What are the three core principles of the CIA triad?

Confidentiality, Integrity, Availability

What is Confidentiality?

Ensuring data is only accessible to authorized users

What are common threats to Confidentiality?

Cryptanalysis, Social engineering, Keyloggers, IoT backdoors

What are solutions for protecting Confidentiality?

Encryption, MFA, access control, least privilege, need-to-know

What encryption is commonly used for data at rest?

AES-256

What protocols protect data in motion?

SSL, TLS, IPsec

What is data in use protection?

Clean desk, screen protectors, locking PCs, preventing shoulder surfing

What is Integrity?

Ensuring data has not been altered

What are threats to Integrity?

Data alteration, code injection, cryptanalysis

What are solutions for Integrity?

Hashing, checksums, digital signatures, access control

What hashing algorithms are commonly used?

MD5, SHA-1, SHA-2

What does a digital signature provide?

Integrity and non-repudiation

What is Availability?

Ensuring data is accessible when needed

What are threats to Availability?

DDoS, hardware failure, application errors

What are solutions for Availability?

Redundancy, RAID, patching, IDS/IPS, SLAs

What does IAAA stand for?

Identification, Authentication, Authorization, Accountability

What is Identification?

Claiming an identity (username, ID)

What is Authentication?

Verifying identity

What are the three authentication factors?

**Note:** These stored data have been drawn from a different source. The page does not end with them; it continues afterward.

lemma expected_item_value_single_bidder:
  assumes "v i j \<ge> 0"
  shows "v i j / 2 \<le> expected_item_value {i} v \<sigma> j"
proof -
  have "Pow {i} = {{}, {i}}"
    by blast
  then have "expected_item_value {i} v \<sigma> j
      = (item_value {i} v (\<sigma> {}) {} j + item_value {i} v (\<sigma> {i}) {i} j) / 2"
    unfolding expected_item_value_def by simp
  moreover have "0 \<le> item_value {i} v (\<sigma> {i}) {i} j"
    using assms by (intro item_value_nonneg) simp
  ultimately show ?thesis
    using item_value_single_bidder[of v i j "\<sigma> {}"] assms by simp
qed

lemma expected_item_value_ge_price:
  assumes "finite N" "\<And>i. i \<in> N \<Longrightarrow> v i j \<ge> 0"
  shows "price N v j / 4 \<le> expected_item_value N v \<sigma> j"
proof (cases "N = {}")
  case True
  have "0 \<le> expected_item_value N v \<sigma> j"
    unfolding expected_item_value_def
    by (intro sum_nonneg mult_nonneg_nonneg item_value_nonneg) (use True in auto)
  then show ?thesis
    using True by (simp add: price_def)
next
  case False
  obtain i\<^sub>1 where top: "lex_argmax N (\<lambda>i. v i j) i\<^sub>1"
    by (rule lex_argmax_exists[OF assms(1) False])
  have price: "price N v j = v i\<^sub>1 j"
    using assms(1) top by (rule price_eq_lex_argmax)
  have "i\<^sub>1 \<in> N"
    using top unfolding lex_argmax_def by blast
  show ?thesis
  proof (cases "N = {i\<^sub>1}")
    case True
    then show ?thesis
      using expected_item_value_single_bidder[of v i\<^sub>1 j \<sigma>] assms(2) \<open>i\<^sub>1 \<in> N\<close>
      unfolding price by simp
  next
    case False
    then have "N - {i\<^sub>1} \<noteq> {}"
      using \<open>i\<^sub>1 \<in> N\<close> by blast
    with assms(1) obtain i\<^sub>2 where "lex_argmax (N - {i\<^sub>1}) (\<lambda>i. v i j) i\<^sub>2"
      by (metis finite_Diff lex_argmax_exists)
    with assms top show ?thesis
      unfolding price by (rule expected_item_value_ge_top_bidder)
  qed
qed

lemma expected_mech_welfare_eq_sum_expected_item_value:
  assumes "finite N"
  shows "expected_mech_welfare N M v \<sigma> = (\<Sum>j\<in>M. expected_item_value N v \<sigma> j)"
proof -
  have "(1/2::real) ^ card S * (1/2) ^ card (N - S) = (1/2) ^ card N" if "S \<subseteq> N" for S
    using assms that by (simp add: card_Diff_subset card_mono finite_subset flip: power_add)
  then have "expected_mech_welfare N M v \<sigma>
      = (\<Sum>S\<in>Pow N. (1/2) ^ card N * (\<Sum>j\<in>M. item_value N v (\<sigma> S) S j))"
    unfolding expected_mech_welfare_def mech_welfare_eq_sum_item_value by simp
  also have "\<dots> = (\<Sum>j\<in>M. expected_item_value N v \<sigma> j)"
    unfolding expected_item_value_def by (simp add: sum_distrib_left sum.swap[of _ "Pow N"])
  finally show ?thesis .
qed

lemma welfare_le_sum_price:
  assumes "finite N" "finite M" "\<And>i j. i \<in> N \<Longrightarrow> j \<in> M \<Longrightarrow> v i j \<ge> 0"
    and "allocation N M T"
  shows "welfare N v T \<le> (\<Sum>j\<in>M. price N v j)"
proof (cases "N = {}")
  case True
  then show ?thesis unfolding welfare_def by (simp add: price_def)
next
  case False
  have sub: "\<forall>i\<in>N. T i \<subseteq> M" and disj: "\<forall>i\<in>N. \<forall>k\<in>N. i \<noteq> k \<longrightarrow> T i \<inter> T k = {}"
    using assms(4) unfolding allocation_def by auto
  have le_price: "v i j \<le> price N v j" if "i \<in> N" for i j
    unfolding price_def using assms(1) that by (auto intro: Max_ge)
  have price_nonneg: "0 \<le> price N v j" if "j \<in> M" for j
    using False le_price assms(3) that by (meson ex_in_conv order_trans)
  have "welfare N v T \<le> (\<Sum>i\<in>N. \<Sum>j\<in>T i. price N v j)"
    unfolding welfare_def by (intro sum_mono) (use le_price in blast)
  also have "\<dots> = (\<Sum>j\<in>(\<Union>i\<in>N. T i). price N v j)"
    using assms(1,2) sub disj by (intro sum.UNION_disjoint[symmetric]) (auto intro: finite_subset)
  also have "\<dots> \<le> (\<Sum>j\<in>M. price N v j)"
    using assms(2) sub price_nonneg by (intro sum_mono2) auto
  finally show ?thesis .
qed

lemma OPT_le_sum_price:
  assumes "finite N" "finite M" "\<And>i j. i \<in> N \<Longrightarrow> j \<in> M \<Longrightarrow> v i j \<ge> 0"
  shows "OPT N M v \<le> (\<Sum>j\<in>M. price N v j)"
proof -
  have "allocation N M (\<lambda>_. {})"
    unfolding allocation_def by simp
  then show ?thesis
    unfolding OPT_def using welfare_le_sum_price[OF assms]
    by (intro cSUP_least) auto
qed

theorem lemma4p3:
  fixes N :: "nat set" and M :: "'m set" and v :: "nat \<Rightarrow> 'm \<Rightarrow> real"
    and \<sigma> :: "nat set \<Rightarrow> nat \<Rightarrow> nat"
  assumes "finite N" and "finite M"
    and "\<And>i j. i \<in> N \<Longrightarrow> j \<in> M \<Longrightarrow> v i j \<ge> 0"
    and "\<And>S. S \<subseteq> N \<Longrightarrow> inj_on (\<sigma> S) (N - S)"
  shows "expected_mech_welfare N M v \<sigma> \<ge> OPT N M v / 4"
proof -
  have "OPT N M v / 4 \<le> (\<Sum>j\<in>M. price N v j) / 4"
    using OPT_le_sum_price[OF assms(1-3)] by simp
  also have "\<dots> = (\<Sum>j\<in>M. price N v j / 4)"
    by (simp add: sum_divide_distrib)
  also have "\<dots> \<le> (\<Sum>j\<in>M. expected_item_value N v \<sigma> j)"
    using assms(1,3) by (intro sum_mono expected_item_value_ge_price) auto
  also have "\<dots> = expected_mech_welfare N M v \<sigma>"
    using assms(1) by (rule expected_mech_welfare_eq_sum_expected_item_value[symmetric])
  finally show ?thesis .
qed

end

Something you know, have, are

What is Authorization?

Determining access permissions

What is Accountability?

Tracking actions to a user (auditing)

What are common access control models?

DAC, MAC, RBAC, ABAC, RuBAC

What is PCI-DSS used for?

Protecting credit card data

What is OCTAVE?

Risk management framework (self-directed)

What is COBIT?

IT governance framework aligning IT with business goals

What is ITIL?

IT service management framework

What is FRAP?

Risk analysis for a specific system via brainstorming

What is ISO 27001?

ISMS implementation standard

What is ISO 27002?

Guidance for security controls

What is ISO 27004?

Metrics for ISMS performance

What is ISO 27005?

Risk management standard

What is ISO 27799?

Protecting PHI

What is Criminal Law?

Law where society is the victim

What is Civil Law?

Law involving individuals or organizations as victims

What is Administrative Law?

Laws created by government agencies

What is Due Diligence?

Researching and identifying risks

What is Due Care?

Acting as a reasonable person would

Who is ultimately liable in security incidents?

Senior leadership

What is Real Evidence?

Physical evidence (USB, hard drive)

What is Direct Evidence?

Firsthand witness testimony

What is Circumstantial Evidence?

Indirect evidence supporting a conclusion

What is Corroborative Evidence?

Supports other evidence

What is Hearsay?

Secondhand information (inadmissible)

What is the Best Evidence Rule?

Use the most accurate/original evidence

What is Secondary Evidence?

Copies/logs when originals unavailable

What ensures evidence integrity?

Hashing and forensic copies

What is Chain of Custody?

Tracking evidence handling

What is Entrapment?

Forcing someone to commit a crime (illegal)

What is Enticement?

Luring someone already intending to commit a crime (legal)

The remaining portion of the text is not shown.